The UK is expected to see steady but subdued economic growth over the next couple of years, according to the latest CBI economic forecast

After a strong performance over the second half of last year, growth slowed in the first quarter of 2017 and a slower pace of growth is expected to persist. The economy continues to face headwinds, with ongoing political uncertainty and Brexit negotiations set to begin, which will require careful navigation by business and the Government in the months ahead.

Following stronger than expected growth in the latter half of 2016, the UK’s leading business group is now forecasting 1.6% growth for 2017 and 1.4% in 2018 compared with the previous forecast of 1.3% and 1.1% respectively.

However, the CBI’s view of the outlook remains unchanged compared to the previous November forecast, with the same average quarterly growth of 0.3% from the second half of this year as in November. This is half the average pace of growth from 2013 to 2016. Domestic demand will play less of a role in driving growth, but net trade will provide additional support as exports are lifted by the lower pound amid a solid global economic backdrop.

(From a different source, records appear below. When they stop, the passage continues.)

lemma le_sum_union_disjoint:
  assumes "A \<subseteq> V" "X \<subseteq> V" "Y \<subseteq> V" "X \<inter> Y = {}"
  shows "f A \<le> f (A \<union> X) + f (A \<union> Y)"
proof -
  have "(A \<union> X) \<inter> (A \<union> Y) = A" using assms(4) by auto
  moreover have "0 \<le> f ((A \<union> X) \<union> (A \<union> Y))" using assms(1-3) by (intro f_nonneg) auto
  ultimately show ?thesis using submodular_ineq[of "A \<union> X" "A \<union> Y"] assms(1-3) by auto
qed

lemma union_le_sum_marg:
  assumes "finite W" "W \<subseteq> V" "A \<subseteq> V"
  shows "f (A \<union> W) \<le> f A + (\<Sum>w\<in>W - A. marg f w A)"
  using assms
proof (induction W rule: finite_induct)
  case (insert x W)
  show ?case
  proof (cases "x \<in> A")
    case True
    then have "A \<union> insert x W = A \<union> W" "insert x W - A = W - A" by auto
    then show ?thesis using insert by auto
  next
    case False
    then have "(\<Sum>w\<in>insert x W - A. marg f w A) = marg f x A + (\<Sum>w\<in>W - A. marg f w A)"
      using insert.hyps by (simp add: insert_Diff_if)
    moreover have "marg f x (A \<union> W) \<le> marg f x A"
      using marg_antimono[of A "A \<union> W" x] insert False by auto
    moreover have "f (A \<union> insert x W) = f (A \<union> W) + marg f x (A \<union> W)"
      unfolding marg_def by simp
    ultimately show ?thesis using insert by auto
  qed
qed simp

lemma sum_cost_mono: "A \<subseteq> C \<Longrightarrow> C \<subseteq> V \<Longrightarrow> sum c A \<le> sum c C"
  using cost_pos finite_V by (intro sum_mono2) (auto intro: finite_subset less_imp_le)

lemma cost_le_sum: "x \<in> A \<Longrightarrow> A \<subseteq> V \<Longrightarrow> c x \<le> sum c A"
  using cost_pos finite_V by (intro member_le_sum) (auto intro: finite_subset less_imp_le)

lemma union_le_partner_bound:
  assumes W: "finite W" "W \<subseteq> V" and X: "set X \<subseteq> V" and Y: "distinct Y"
    and K: "0 \<le> K"
    and Y_gains: "\<And>q. q \<in> set Y \<Longrightarrow> 0 \<le> marg f q (preceding Y q)"
    and each: "\<And>w. w \<in> W - set X \<Longrightarrow>
      (w \<in> set Y \<and> marg f w (set X) \<le> marg f w (preceding Y w)) \<or> marg f w (set X) \<le> K * c w"
  shows "f (set X \<union> W) \<le> f (set X) + f (set Y) + K * sum c W"
proof -
  define h where "h w = (if w \<in> set Y then marg f w (preceding Y w) else 0)" for w
  have h_nonneg: "0 \<le> h w" for w unfolding h_def using Y_gains by auto
  have Kc_nonneg: "w \<in> W \<Longrightarrow> 0 \<le> K * c w" for w
    using K cost_pos[of w] W(2) by auto
  have "f (set X \<union> W) \<le> f (set X) + (\<Sum>w\<in>W - set X. marg f w (set X))"
    using union_le_sum_marg[OF W X] .
  also have "(\<Sum>w\<in>W - set X. marg f w (set X)) \<le> (\<Sum>w\<in>W - set X. h w + K * c w)"
  proof (rule sum_mono)
    fix w assume "w \<in> W - set X"
    then show "marg f w (set X) \<le> h w + K * c w"
      using each[of w] h_nonneg[of w] Kc_nonneg[of w] unfolding h_def by auto
  qed
  also have "\<dots> \<le> (\<Sum>w\<in>W. h w + K * c w)"
    using W h_nonneg Kc_nonneg by (intro sum_mono2) (auto intro: add_nonneg_nonneg)
  also have "\<dots> = (\<Sum>w\<in>W \<inter> set Y. marg f w (preceding Y w)) + K * sum c W"
    unfolding h_def by (simp add: sum.distrib sum_distrib_left sum.inter_restrict[OF W(1)])
  also have "(\<Sum>w\<in>W \<inter> set Y. marg f w (preceding Y w)) \<le> (\<Sum>w\<in>set Y. marg f w (preceding Y w))"
    using Y_gains by (intro sum_mono2) auto
  also have "\<dots> = f (set Y)" using sum_marg_preceding[OF Y] f_empty by simp
  finally show ?thesis by simp
qed

end

lemma steps_map:
  assumes "\<And>e s t. R e s t \<Longrightarrow> R' e (h s) (h t)"
  shows "steps R es s u \<Longrightarrow> steps R' es (h s) (h u)"
  by (induction rule: steps.induct) (auto intro: steps.intros assms)

lemma la_step_cases:
  assumes "la_step f c B e (X, Y) t"
  obtains (add_X) "t = (X @ [e], Y)" "f (set X) / B \<le> marg f e (set X) / c e"
      "f (set Y) / B \<le> marg f e (set Y) / c e \<longrightarrow> marg f e (set Y) / c e \<le> marg f e (set X) / c e"
  | (add_Y) "t = (X, Y @ [e])" "f (set Y) / B \<le> marg f e (set Y) / c e"
      "f (set X) / B \<le> marg f e (set X) / c e \<longrightarrow> marg f e (set X) / c e \<le> marg f e (set Y) / c e"
  | (reject) "t = (X, Y)" "marg f e (set X) / c e < f (set X) / B"
      "marg f e (set Y) / c e < f (set Y) / B"
  using assms by (auto simp: Let_def not_le)

lemma la_step_swap: "la_step f c B e s t \<Longrightarrow> la_step f c B e (prod.swap s) (prod.swap t)"
  by (cases s; cases t) (auto simp: Let_def)

lemma dla_step_cases:
  assumes "dla_step f c B th e (X, Y) t"
  obtains (skip) "e \<in> set X \<union> set Y" "t = (X, Y)"
  | (add_X) "e \<notin> set X" "e \<notin> set Y" "t = (X @ [e], Y)" "sum c (insert e (set X)) \<le> B"
      "th \<le> marg f e (set X) / c e"
      "sum c (insert e (set Y)) \<le> B \<and> th \<le> marg f e (set Y) / c e
         \<longrightarrow> marg f e (set Y) / c e \<le> marg f e (set X) / c e"
  | (add_Y) "e \<notin> set X" "e \<notin> set Y" "t = (X, Y @ [e])" "sum c (insert e (set Y)) \<le> B"
      "th \<le> marg f e (set Y) / c e"
      "sum c (insert e (set X)) \<le> B \<and> th \<le> marg f e (set X) / c e
         \<longrightarrow> marg f e (set X) / c e \<le> marg f e (set Y) / c e"
  | (reject) "e \<notin> set X" "e \<notin> set Y" "t = (X, Y)"
      "\<not> (sum c (insert e (set X)) \<le> B \<and> th \<le> marg f e (set X) / c e)"
  using assms by (auto simp: Let_def split: if_splits)

lemma dla_step_swap: "dla_step f c B th e s t \<Longrightarrow> dla_step f c B th e (prod.swap s) (prod.swap t)"
  by (cases s; cases t) (auto simp: Let_def split: if_splits)

lemma dla_steps_extend:
  "steps (dla_step f c B th) es s u \<Longrightarrow> \<exists>zs ws. fst u = fst s @ zs \<and> snd u = snd s @ ws"
proof (induction rule: steps.induct)
  case (steps_Cons e s t es u)
  obtain X Y where s: "s = (X, Y)" by (cases s)
  have "\<exists>zs ws. fst t = fst s @ zs \<and> snd t = snd s @ ws"
    using steps_Cons(1) unfolding s by (cases rule: dla_step_cases) auto
  then show ?case using steps_Cons(3) by (metis append.assoc)
qed auto

context budgeted_submodular
begin

text \<open>The density threshold f(X)/B only grows with X while marginal gains only shrink, so the
  second alternative in the cross conditions below stays true once it holds.\<close>

definition la_invariant :: "'a list \<Rightarrow> 'a list \<Rightarrow> bool" where
  "la_invariant X Y \<longleftrightarrow>
     distinct X \<and> distinct Y \<and> set X \<inter> set Y = {} \<and> set X \<subseteq> V \<and> set Y \<subseteq> V \<and>
     gains_ge f (\<lambda>a Z. c a * f Z / B) X \<and> gains_ge f (\<lambda>a Z. c a * f Z / B) Y \<and>
     (\<forall>e\<in>set Y. marg f e (set X) \<le> marg f e (preceding Y e) \<or> marg f e (set X) < c e * f (set X) / B) \<and>
     (\<forall>e\<in>set X. marg f e (set Y) \<le> marg f e (preceding X e) \<or> marg f e (set Y) < c e * f (set Y) / B)"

The CBI is looking forward to working with the new Government and focusing on the economic fundamentals: getting Brexit right and investing in skills, innovation and infrastructure to help shore up the foundations of the economy.

Carolyn Fairbairn, CBI Director-General, said:

“The UK economy has proved hardy in recent times, with firms up and down the UK getting on with what they do best by investing and creating jobs. Growth should be steady, if restrained, over the next couple of years as the pace of the economy shifts down a gear.

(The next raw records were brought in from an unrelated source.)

text \<open>Translating by one does not decrease h: Suc maps T(K) into T(K + 1) and commutes
  with all the intersections occurring in the recursion.\<close>
lemma hgt_le_hgt_Suc_image:
  assumes "finite K"
  shows "hgt K \<le> hgt (Suc ` K)"
  using assms
proof (induction "card K" arbitrary: K rule: less_induct)
  case less
  show ?case
  proof (cases "K = {}")
    case False
    have fin: "finite (Suc ` K)" and nonempty: "Suc ` K \<noteq> {}"
      using less.prems False by simp_all
    show ?thesis
    proof (rule hgt_le_if_branches_less[OF less.prems])
      have "card (K \<inter> Suc ` K) < card K"
        using card_inter_shift1_less[OF less.prems False] by (simp add: shift_plus_one)
      then have "hgt (K \<inter> Suc ` K) \<le> hgt (Suc ` (K \<inter> Suc ` K))"
        using less.hyps less.prems by simp
      also have "Suc ` (K \<inter> Suc ` K) = Suc ` K \<inter> Suc ` (Suc ` K)" by (simp add: image_Int)
      finally show "hgt (K \<inter> Suc ` K) < hgt (Suc ` K)"
        using hgt_gt_shift_branch[OF fin nonempty] by linarith
    next
      fix M assume M: "M \<in> Tset K"
      have M_Suc: "Suc ` M \<in> Tset (Suc ` K)"
        using M unfolding Tset_def shift_plus_one by (auto simp: card_image inj_image_eq_iff)
      have "card (K \<inter> M) < card K" using card_inter_T_less[OF less.prems M] .
      then have "hgt (K \<inter> M) \<le> hgt (Suc ` (K \<inter> M))" using less.hyps less.prems by simp
      also have "Suc ` (K \<inter> M) = Suc ` K \<inter> Suc ` M" by (simp add: image_Int)
      finally have first: "hgt (K \<inter> M) \<le> hgt (Suc ` K \<inter> Suc ` M)" .
      have "card (K \<inter> {x. Suc x \<in> M}) < card K"
        using card_inter_Tm1_less[OF less.prems M] by (simp add: shift_minus_one)
      then have "hgt (K \<inter> {x. Suc x \<in> M}) \<le> hgt (Suc ` (K \<inter> {x. Suc x \<in> M}))"
        using less.hyps less.prems by simp
      also have "Suc ` (K \<inter> {x. Suc x \<in> M}) = Suc ` K \<inter> {x. Suc x \<in> Suc ` M}" by auto
      finally have second: "hgt (K \<inter> {x. Suc x \<in> M}) \<le> hgt (Suc ` K \<inter> {x. Suc x \<in> Suc ` M})" .
      have "branch_height K M \<le> branch_height (Suc ` K) (Suc ` M)"
        using first second unfolding branch_height_def by linarith
      then show "branch_height K M < hgt (Suc ` K)"
        using hgt_gt_branch[OF fin M_Suc] by linarith
    qed
  qed (simp add: hgt_empty)
qed

text \<open>(A3) in concrete form: if K + 1 \<subseteq> L, i.e. K \<subseteq> L - 1, then h K \<le> h L.\<close>
lemma hgt_le_if_Suc_image_subset:
  assumes "finite L" "finite K" "Suc ` K \<subseteq> L"
  shows "hgt K \<le> hgt L"
  using hgt_le_hgt_Suc_image[OF assms(2)] hgt_mono[OF assms(1,3)] by linarith
(* Let $p\ge 1$ and $q\ge 3$ be integers. Then $\lambda_{\min}(\mathcal U(p,q)^c)$ is the least real root of the polynomial $$\begin{aligned}f(\lambda;p,q)={}&(-8+2p+2q)+(13-11p-7q+4pq)\lambda+(20-6q-4pq)\lambda^2+(-1+11p+7q-7pq)\lambda^3\\&+(-20+12p+12q-2pq)\lambda^4+(-16+6p+6q)\lambda^5+(-6+p+q)\lambda^6-\lambda^7.\end{aligned}$$ In particular $f(-2;p,q)=-10$ and $\lambda_{\min}(\mathcal U(p,q)^c)<-2$.
   Context: All graphs are simple and finite. For a graph $G$, $\lambda_{\min}(G)$ denotes the least eigenvalue of the adjacency matrix $A(G)$, and $G^c$ denotes the complement of $G$. $K_{1,m}$ is the star with $m$ edges; its vertex of degree $m$ is the center and the others are pendant vertices. $S_m^3$ denotes the graph of order $m$ obtained from $K_{1,m-1}$ by adding one edge between two of its pendant vertices. For integers $p\ge 1$, $q\ge 3$, $\mathcal U(p,q)$ is the graph of order $p+q+2$ obtained from disjoint copies of $K_{1,p}$ and $S_{q+1}^3$ by adding one edge joining a pendant vertex of $K_{1,p}$ to a pendant (degree-one) vertex of $S_{q+1}^3$. *)

theory Defs
  imports "Jordan_Normal_Form.Char_Poly"
begin

text \<open>A simple graph on vertex set {0..<n} is given by a symmetric irreflexive
  edge predicate E on nat (only its restriction to {0..<n} matters).\<close>

definition adj_matrix :: "nat \<Rightarrow> (nat \<Rightarrow> nat \<Rightarrow> bool) \<Rightarrow> real mat" where
  "adj_matrix n E = mat n n (\<lambda>(i,j). if E i j then 1 else 0)"

definition compl_graph :: "(nat \<Rightarrow> nat \<Rightarrow> bool) \<Rightarrow> nat \<Rightarrow> nat \<Rightarrow> bool" where
  "compl_graph E i j \<longleftrightarrow> i \<noteq> j \<and> \<not> E i j"

definition lambda_min :: "nat \<Rightarrow> (nat \<Rightarrow> nat \<Rightarrow> bool) \<Rightarrow> real" where
  "lambda_min n E = Min {k. eigenvalue (adj_matrix n E) k}"

text \<open>The graph U(p,q) on vertices {0..<p+q+2}:
  0 = centre of K_{1,p}, 1..p its pendant vertices;
  p+1 = centre of S^3_{q+1}, p+2..p+q+1 its pendant vertices, with the extra edge
  between p+2 and p+3; the joining edge goes from pendant 1 of the star to the
  degree-one vertex p+q+1 of S^3_{q+1} (degree one since q \<ge> 3).\<close>
definition U_base_edge :: "nat \<Rightarrow> nat \<Rightarrow> nat \<Rightarrow> nat \<Rightarrow> bool" where
  "U_base_edge p q i j \<longleftrightarrow>
     (i = 0 \<and> 1 \<le> j \<and> j \<le> p) \<or>
     (i = p + 1 \<and> p + 2 \<le> j \<and> j \<le> p + q + 1) \<or>
     (i = p + 2 \<and> j = p + 3) \<or>
     (i = 1 \<and> j = p + q + 1)"

definition U_graph :: "nat \<Rightarrow> nat \<Rightarrow> nat \<Rightarrow> nat \<Rightarrow> bool" where
  "U_graph p q i j \<longleftrightarrow> U_base_edge p q i j \<or> U_base_edge p q j i"

definition f_poly :: "int \<Rightarrow> int \<Rightarrow> real \<Rightarrow> real" where
  "f_poly p q x =
     (-8 + 2*p + 2*q) + (13 - 11*p - 7*q + 4*p*q) * x + (20 - 6*q - 4*p*q) * x^2
   + (-1 + 11*p + 7*q - 7*p*q) * x^3 + (-20 + 12*p + 12*q - 2*p*q) * x^4
   + (-16 + 6*p + 6*q) * x^5 + (-6 + p + q) * x^6 - x^7"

“While the country’s exporters should emerge as a real catalyst of growth, rising inflation and stubbornly low wage growth mean that people are already starting to feel the pinch. Tighter purse strings mean slower household spending growth and uncertainty is likely to weigh on the minds of those making major investment decisions.

“So, after a frantic period in Westminster, this is the time for a renewed focus on the economic fundamentals of this country. Above all, the new government has the opportunity to signal loudly and clearly that Britain is a great place to do business - relentlessly focussing on investing in infrastructure, innovation and skills nationwide, while delivering a sensible and competitive tax and regulatory environment.

“Most important of all, we need to move much faster to fix the foundations of the UK economy, addressing our persistently underwhelming productivity performance. The new Government can breathe life into a new Industrial Strategy delivering a fair, innovative and competitive economy fit for the 21st century, raising living standards and spreading prosperity to all corners of the UK.

“And now Brexit negotiations are beginning, it will be essential that negotiators on both sides remain cool, calm and collected, in order to make rapid progress on what a successful new relationship will look like. Putting trade, jobs and people first by agreeing transition arrangements and guaranteeing EU citizens’ rights early on would set the right tone.

“But the less likely a deal starts to look, the harder it will be for firms to recruit and retain talent as well as push the button on big investment decisions. We must get Brexit right.

“To achieve this, now is the time to build the best partnership anywhere in the world between business and government, shoring up the foundations of our economy. Firms of all sizes, from start-ups to multinationals, are ready and up for the challenge.”

Following a sharp slowdown in GDP growth in the first quarter (to 0.2%), the CBI expects a mild rebound in Q2 (to 0.4%), with our surveys pointing to firmer momentum. Thereafter, we expect quarterly growth to remain around 0.3%-0.4% over the forecast period – about 50% slower than the average seen since 2013 (0.6%).

We expect less support from household spending, with growth slowing in both 2017 (to 1.7%, from 2.8% in 2016) and in 2018 (0.7%). Real earnings are likely to remain under pressure from rising inflation: on the CPI measure, inflation is expected to stay close to current levels (2.9% in May) through to the end of this year, and average 2.7% in both 2017 and 2018. While we expect wage growth to pick up, it is still set to remain below inflation in 2017 (at 2.4%), and to be broadly in line in 2018 (2.8%).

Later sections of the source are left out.